I have an image showing a density plot from a paper, as well as the corresponding color bar. I am trying to convert this back to a 2D array of intensities.

Here’s what I did, which works but seems to be imperfect.

```
imagedata = ImageData(plotimage)
colordata = ImageData(colorimage)((row))
```

where `row`

is a number which selects a single row out of the center of the color bar. `imagedata`

is a rank 2 array of `{R,G,B}`

values, while `colordata`

is a rank 1 array of `{R,G,B}`

values (between 0 and 1). I assume the color bar goes from 2 to 7. I then sample a number of colors from the bar with equal spacings,

`colorbar = colordata((1;;-1;;step))`

for some integer `step`

such as `step = Round(Length@colordata/30.)`

. Let `ncols = Length@colorbar`

, the number of color samples. This looks like

`RGBColor@@#&/@colorbar`

Since the image has a lot of white space which I want to differentiate, I add a single white element as the first element: `colorbar = Prepend(colorbar,{1,1,1})`

.

Now my basic strategy is to get each pixel’s `{R,G,B}`

(I downsample the image to make this process not take forever because it’s rather inefficient) and associate it to a single element of `colorbar`

. I don’t know the best way to do this, but my strategy right now is to minimize `Norm({R,G,B}-{R',G',B'})`

, to find the `{R',G',B'}`

in `colorbar`

which is “closest” by this metric to the color of the pixel, I don’t know if this is a good method of color matching though. I define a function

```
f(c_) := Module({n},
n = First@First@Position(colordata,#)&@First@MinimalBy(colordata,Norm(c-#)&)-1;
If(n==0,
0,
2. + 5 n/ncols
)
RGBColor @@ colordata((n))
)
```

which takes an `{R,G,B}`

vector, uses `MinimalBy`

to find the element of `colorbar`

for which the `Norm`

of the difference is minimal, and returns its index minus one. Since white was the first index, if the result it zero I return `0`

while for non-white colors I scale the output between 2 and 5 like the original color scale.
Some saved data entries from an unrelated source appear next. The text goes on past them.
(* In the setting of the addition algorithm, for every $\varphi\in\mathbb{R}^V$ with $M(\varphi)\le L(\tau,\varepsilon)$, $$\sqrt{J^+(\varphi)J^-(\varphi)}\ge\exp\Big(-\frac{1}{\varepsilon^2}\sum_{v\in V}\tau'\big(v,1+\max_{w\sim v}r(\varphi,w)\big)^2\Big).$$
   Context: Addition algorithm. Let $G=(V,E)$ be a finite connected graph ($v\sim w$ means $(v,w)\in E$), $\tau:V\to[0,\infty)$, $0<\varepsilon\le1/2$, and fix a total order $\preceq$ on $V$. Let $f:\mathbb{R}\to\mathbb{R}$ be $f(x)=0$ for $|x|\ge1$, $f(x)=(1+x)/\varepsilon$ on $[-1,-1+\varepsilon]$, $f(x)=1$ on $[-1+\varepsilon,1-\varepsilon]$, $f(x)=(1-x)/\varepsilon$ on $[1-\varepsilon,1]$. For $v\in V$, $h,t\in\mathbb{R}$ let $m_{v,h,t}(h')=\min(\tau(v)-t,\varepsilon/2)f(h'-h)+t$ if $\tau(v)\ge t$, and $m_{v,h,t}(h')=t$ if $\tau(v)<t$. On input $\varphi\in\mathbb{R}^V$ the algorithm outputs an ordering $P_1,\dots,P_{|V|}$ of $V$, numbers $s_k$ and functions $\tau_k:V\times\mathbb{R}\to\mathbb{R}$: set $\tau_1(v,h)=\tau(v)$; for $k=1,\dots,|V|$: let $P_k$ be the vertex $v\in V\setminus\{P_1,\dots,P_{k-1}\}$ minimizing $\tau_k(v,\varphi_v)$ (ties broken by taking the $\preceq$-smallest); set $s_k=\tau_k(P_k,\varphi_{P_k})$; if $k<|V|$ set $\tau_{k+1}(v,h)=\tau_k(v,h)$ if $v\in\{P_1,\dots,P_k\}$ or $v\not\sim P_k$, and $\tau_{k+1}(v,h)=\min(\tau_k(v,h),m_{v,\varphi_{P_k},s_k}(h))$ otherwise. Define $T^+(\varphi)_{P_k}=\varphi_{P_k}+s_k$ ($1\le k\le|V|$) and $T^-(\varphi)=2\varphi-T^+(\varphi)$. Each $\tau_k(v,\cdot)$ is right-differentiable with Lipschitz constant at most $1/2$; $\partial_2\tau_k$ denotes the right derivative in the second variable. $J^+(\varphi):=\prod_{k=1}^{|V|}(1+\partial_2\tau_k(P_k,\varphi_{P_k}))$, $J^-(\varphi):=\prod_{k=1}^{|V|}(1-\partial_2\tau_k(P_k,\varphi_{P_k}))$. $d_G$ is graph distance; $\tau'(v,k):=\max\{\tau(v)-\tau(w):d_G(v,w)\le k\}$; $L(\tau,\varepsilon):=\sup\{k\ge0:\tau'(v,k)\le\varepsilon/2\ \forall v\}-1$ (possibly $+\infty$). $\mathcal{E}(\varphi):=\{(v,w)\in E:|\varphi_v-\varphi_w|\ge1-\varepsilon\}$; $v\leftrightarrow w$ if connected by edges of $\mathcal{E}(\varphi)$ (including $v=w$); $r(\varphi,v):=\max\{d_G(v,w):v\leftrightarrow w\}$, $M(\varphi):=\max\{d_G(v,w):v\leftrightarrow w\}$. *)

theory Defs
  imports "HOL-Analysis.Analysis" "HOL-Library.Extended_Real"
begin

text \<open>Graph: finite vertex set V, symmetric edge relation E (v \<sim> w iff E v w).
  The fixed total order on V is the order of the linorder type of vertices.\<close>

definition edge_rel :: "'v set \<Rightarrow> ('v \<Rightarrow> 'v \<Rightarrow> bool) \<Rightarrow> ('v \<times> 'v) set" where
  "edge_rel V E = {(a, b). a \<in> V \<and> b \<in> V \<and> E a b}"

definition gdist :: "'v set \<Rightarrow> ('v \<Rightarrow> 'v \<Rightarrow> bool) \<Rightarrow> 'v \<Rightarrow> 'v \<Rightarrow> nat" where
  "gdist V E v w = (LEAST n. (v, w) \<in> (edge_rel V E) ^^ n)"

definition is_graph :: "'v set \<Rightarrow> ('v \<Rightarrow> 'v \<Rightarrow> bool) \<Rightarrow> bool" where
  "is_graph V E \<longleftrightarrow> finite V \<and> V \<noteq> {} \<and>
     (\<forall>a b. E a b \<longrightarrow> a \<in> V \<and> b \<in> V) \<and> (\<forall>a b. E a b \<longrightarrow> E b a) \<and> (\<forall>a. \<not> E a a)"

definition connected_graph :: "'v set \<Rightarrow> ('v \<Rightarrow> 'v \<Rightarrow> bool) \<Rightarrow> bool" where
  "connected_graph V E \<longleftrightarrow> (\<forall>v\<in>V. \<forall>w\<in>V. (v, w) \<in> (edge_rel V E)\<^sup>*)"

definition fcut :: "real \<Rightarrow> real \<Rightarrow> real" where
  "fcut eps x = (if \<bar>x\<bar> \<ge> 1 then 0
     else if x \<le> -1 + eps then (1 + x) / eps
     else if x \<le> 1 - eps then 1
     else (1 - x) / eps)"

definition mfun :: "('v \<Rightarrow> real) \<Rightarrow> real \<Rightarrow> 'v \<Rightarrow> real \<Rightarrow> real \<Rightarrow> real \<Rightarrow> real" where
  "mfun \<tau> eps v h t h' = (if \<tau> v \<ge> t then min (\<tau> v - t) (eps / 2) * fcut eps (h' - h) + t else t)"

text \<open>State of the addition algorithm after n steps:
  (list [P_1,...,P_n], list [s_1,...,s_n], list [tau_1,...,tau_{n+1}]).\<close>
primrec addalg :: "'v::linorder set \<Rightarrow> ('v \<Rightarrow> 'v \<Rightarrow> bool) \<Rightarrow> ('v \<Rightarrow> real) \<Rightarrow> real \<Rightarrow> ('v \<Rightarrow> real)
     \<Rightarrow> nat \<Rightarrow> 'v list \<times> real list \<times> ('v \<Rightarrow> real \<Rightarrow> real) list" where
  "addalg V E \<tau> eps \<phi> 0 = ([], [], [\<lambda>v h. \<tau> v])"
| "addalg V E \<tau> eps \<phi> (Suc n) =
     (let (Ps, ss, ts) = addalg V E \<tau> eps \<phi> n;
          tk = last ts;
          R = V - set Ps;
          p = (LEAST v. v \<in> R \<and> (\<forall>w\<in>R. tk v (\<phi> v) \<le> tk w (\<phi> w)));
          s = tk p (\<phi> p);
          tnew = (\<lambda>v h. if v \<in> set (Ps @ [p]) \<or> \<not> E v p then tk v h
                        else min (tk v h) (mfun \<tau> eps v (\<phi> p) s h))
      in (Ps @ [p], ss @ [s], ts @ [tnew]))"

definition alg_P :: "'v::linorder set \<Rightarrow> ('v \<Rightarrow> 'v \<Rightarrow> bool) \<Rightarrow> ('v \<Rightarrow> real) \<Rightarrow> real \<Rightarrow> ('v \<Rightarrow> real) \<Rightarrow> nat \<Rightarrow> 'v" where
  "alg_P V E \<tau> eps \<phi> k = fst (addalg V E \<tau> eps \<phi> (card V)) ! (k - 1)"

definition alg_tau :: "'v::linorder set \<Rightarrow> ('v \<Rightarrow> 'v \<Rightarrow> bool) \<Rightarrow> ('v \<Rightarrow> real) \<Rightarrow> real \<Rightarrow> ('v \<Rightarrow> real) \<Rightarrow> nat \<Rightarrow> 'v \<Rightarrow> real \<Rightarrow> real" where
  "alg_tau V E \<tau> eps \<phi> k = snd (snd (addalg V E \<tau> eps \<phi> (card V))) ! (k - 1)"

definition rderiv :: "(real \<Rightarrow> real) \<Rightarrow> real \<Rightarrow> real" where
  "rderiv g h = Lim (at_right 0) (\<lambda>t. (g (h + t) - g h) / t)"

definition Jplus :: "'v::linorder set \<Rightarrow> ('v \<Rightarrow> 'v \<Rightarrow> bool) \<Rightarrow> ('v \<Rightarrow> real) \<Rightarrow> real \<Rightarrow> ('v \<Rightarrow> real) \<Rightarrow> real" where
  "Jplus V E \<tau> eps \<phi> = (\<Prod>k=1..card V.
     1 + rderiv (alg_tau V E \<tau> eps \<phi> k (alg_P V E \<tau> eps \<phi> k)) (\<phi> (alg_P V E \<tau> eps \<phi> k)))"

definition Jminus :: "'v::linorder set \<Rightarrow> ('v \<Rightarrow> 'v \<Rightarrow> bool) \<Rightarrow> ('v \<Rightarrow> real) \<Rightarrow> real \<Rightarrow> ('v \<Rightarrow> real) \<Rightarrow> real" where
  "Jminus V E \<tau> eps \<phi> = (\<Prod>k=1..card V.
     1 - rderiv (alg_tau V E \<tau> eps \<phi> k (alg_P V E \<tau> eps \<phi> k)) (\<phi> (alg_P V E \<tau> eps \<phi> k)))"

definition tau' :: "'v set \<Rightarrow> ('v \<Rightarrow> 'v \<Rightarrow> bool) \<Rightarrow> ('v \<Rightarrow> real) \<Rightarrow> 'v \<Rightarrow> nat \<Rightarrow> real" where
  "tau' V E \<tau> v k = Max {\<tau> v - \<tau> w | w. w \<in> V \<and> gdist V E v w \<le> k}"

definition Lcap :: "'v set \<Rightarrow> ('v \<Rightarrow> 'v \<Rightarrow> bool) \<Rightarrow> ('v \<Rightarrow> real) \<Rightarrow> real \<Rightarrow> ereal" where
  "Lcap V E \<tau> eps = (SUP k \<in> {k::nat. \<forall>v\<in>V. tau' V E \<tau> v k \<le> eps / 2}. ereal (real k)) - 1"

definition crit_rel :: "'v set \<Rightarrow> ('v \<Rightarrow> 'v \<Rightarrow> bool) \<Rightarrow> real \<Rightarrow> ('v \<Rightarrow> real) \<Rightarrow> ('v \<times> 'v) set" where
  "crit_rel V E eps \<phi> = {(a, b). a \<in> V \<and> b \<in> V \<and> E a b \<and> \<bar>\<phi> a - \<phi> b\<bar> \<ge> 1 - eps}"

definition conn :: "'v set \<Rightarrow> ('v \<Rightarrow> 'v \<Rightarrow> bool) \<Rightarrow> real \<Rightarrow> ('v \<Rightarrow> real) \<Rightarrow> 'v \<Rightarrow> 'v \<Rightarrow> bool" where
  "conn V E eps \<phi> v w \<longleftrightarrow> (v, w) \<in> (crit_rel V E eps \<phi>)\<^sup>*"

definition rrad :: "'v set \<Rightarrow> ('v \<Rightarrow> 'v \<Rightarrow> bool) \<Rightarrow> real \<Rightarrow> ('v \<Rightarrow> real) \<Rightarrow> 'v \<Rightarrow> nat" where
  "rrad V E eps \<phi> v = Max {gdist V E v w | w. w \<in> V \<and> conn V E eps \<phi> v w}"

definition Mrad :: "'v set \<Rightarrow> ('v \<Rightarrow> 'v \<Rightarrow> bool) \<Rightarrow> real \<Rightarrow> ('v \<Rightarrow> real) \<Rightarrow> nat" where
  "Mrad V E eps \<phi> = Max {gdist V E v w | v w. v \<in> V \<and> w \<in> V \<and> conn V E eps \<phi> v w}"

text \<open>max over neighbours w of v of r(phi,w); 0 if v has no neighbours (only possible if |V| = 1).\<close>
definition maxnbr_r :: "'v set \<Rightarrow> ('v \<Rightarrow> 'v \<Rightarrow> bool) \<Rightarrow> real \<Rightarrow> ('v \<Rightarrow> real) \<Rightarrow> 'v \<Rightarrow> nat" where
  "maxnbr_r V E eps \<phi> v = Max (insert 0 {rrad V E eps \<phi> w | w. w \<in> V \<and> E v w})"

end

theory Submission
  imports Defs
begin

text \<open>Each \<open>\<tau>\<^sub>k(v, \<cdot>)\<close> is the minimum of the constant \<open>\<tau>(v)\<close> and of bumps
  \<open>m\<^bsub>v,\<phi>(P\<^sub>j),s\<^sub>j\<^esub>\<close> for neighbours \<open>P\<^sub>j\<close> of \<open>v\<close> chosen earlier, so its right derivative is
  \<open>0\<close> or the slope of one bump, bounded by \<open>1/2\<close> and by \<open>(\<tau>(v) - s\<^sub>j)/\<epsilon>\<close>. Along the
  algorithm every value \<open>\<tau>\<^sub>k(v, \<phi>\<^sub>v)\<close> dominates \<open>\<tau>(u)\<close> for some \<open>u\<close> in the
  \<open>\<E>(\<phi>)\<close>-cluster of \<open>v\<close>: across a critical edge the cluster of the new vertex is
  inherited, and across a non-critical edge the bump has full height, which by
  \<open>M(\<phi>) \<le> L(\<tau>, \<epsilon>)\<close> lifts it above \<open>\<tau>(v)\<close>. Applied to \<open>s\<^sub>j = \<tau>\<^sub>j(P\<^sub>j, \<phi>(P\<^sub>j))\<close> this
  gives \<open>\<tau>(v) - s\<^sub>j \<le> \<tau>'(v, 1 + max {r(\<phi>, w) | w \<sim> v})\<close>, and then every factor
  \<open>(1 + D)(1 - D) = 1 - D\<^sup>2 \<ge> exp(-2D\<^sup>2)\<close> of \<open>J\<^sup>+ J\<^sup>-\<close> is controlled.\<close>

lemma rderiv_eqI:
  assumes "(g has_real_derivative d) (at_right h)"
  shows "rderiv g h = d"
proof -
  have "((\<lambda>y. (g y - g h) / (y - h)) \<longlongrightarrow> d) (at_right h)"
    using assms by (simp add: has_field_derivative_iff)
  then have "((\<lambda>t. (g (h + t) - g h) / t) \<longlongrightarrow> d) (at_right 0)"
    by (simp add: at_right_to_0[of h] filterlim_filtermap add.commute)
  then show ?thesis
    unfolding rderiv_def by (rule tendsto_Lim[rotated]) simp
qed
Defining a color function from the sampled colors,

```
colorf(x_) := Blend(cols,(x-2)/5)
```

the plotted result looks like this:

```
imagedataConverted = ParallelTable(
f(imagedata((j, i))),
{j, 1, Dimensions(imagedata)((1)), 1},
{i, 1, Dimensions(imagedata)((2)), 1}
);
ListDensityPlot(imagedataConverted,
ColorFunction -> colorf,
ColorFunctionScaling -> False,
InterpolationOrder -> 0,
PlotLegends -> Placed(BarLegend({colorf, {2, 7}}), Above),
PlotRange -> {2, 7},
ImageSize -> Small)
```

This seems to work, but there are some subtle differences in the output. Overall it seems to me that the output is on average a bit lighter, and especially so near the edges. This is causing me some issues because I want the match to be as close as possible, and I cannot find a way to improve the accuracy of this method. Is there a simpler/more accurate way to do this? Bonus for efficiency.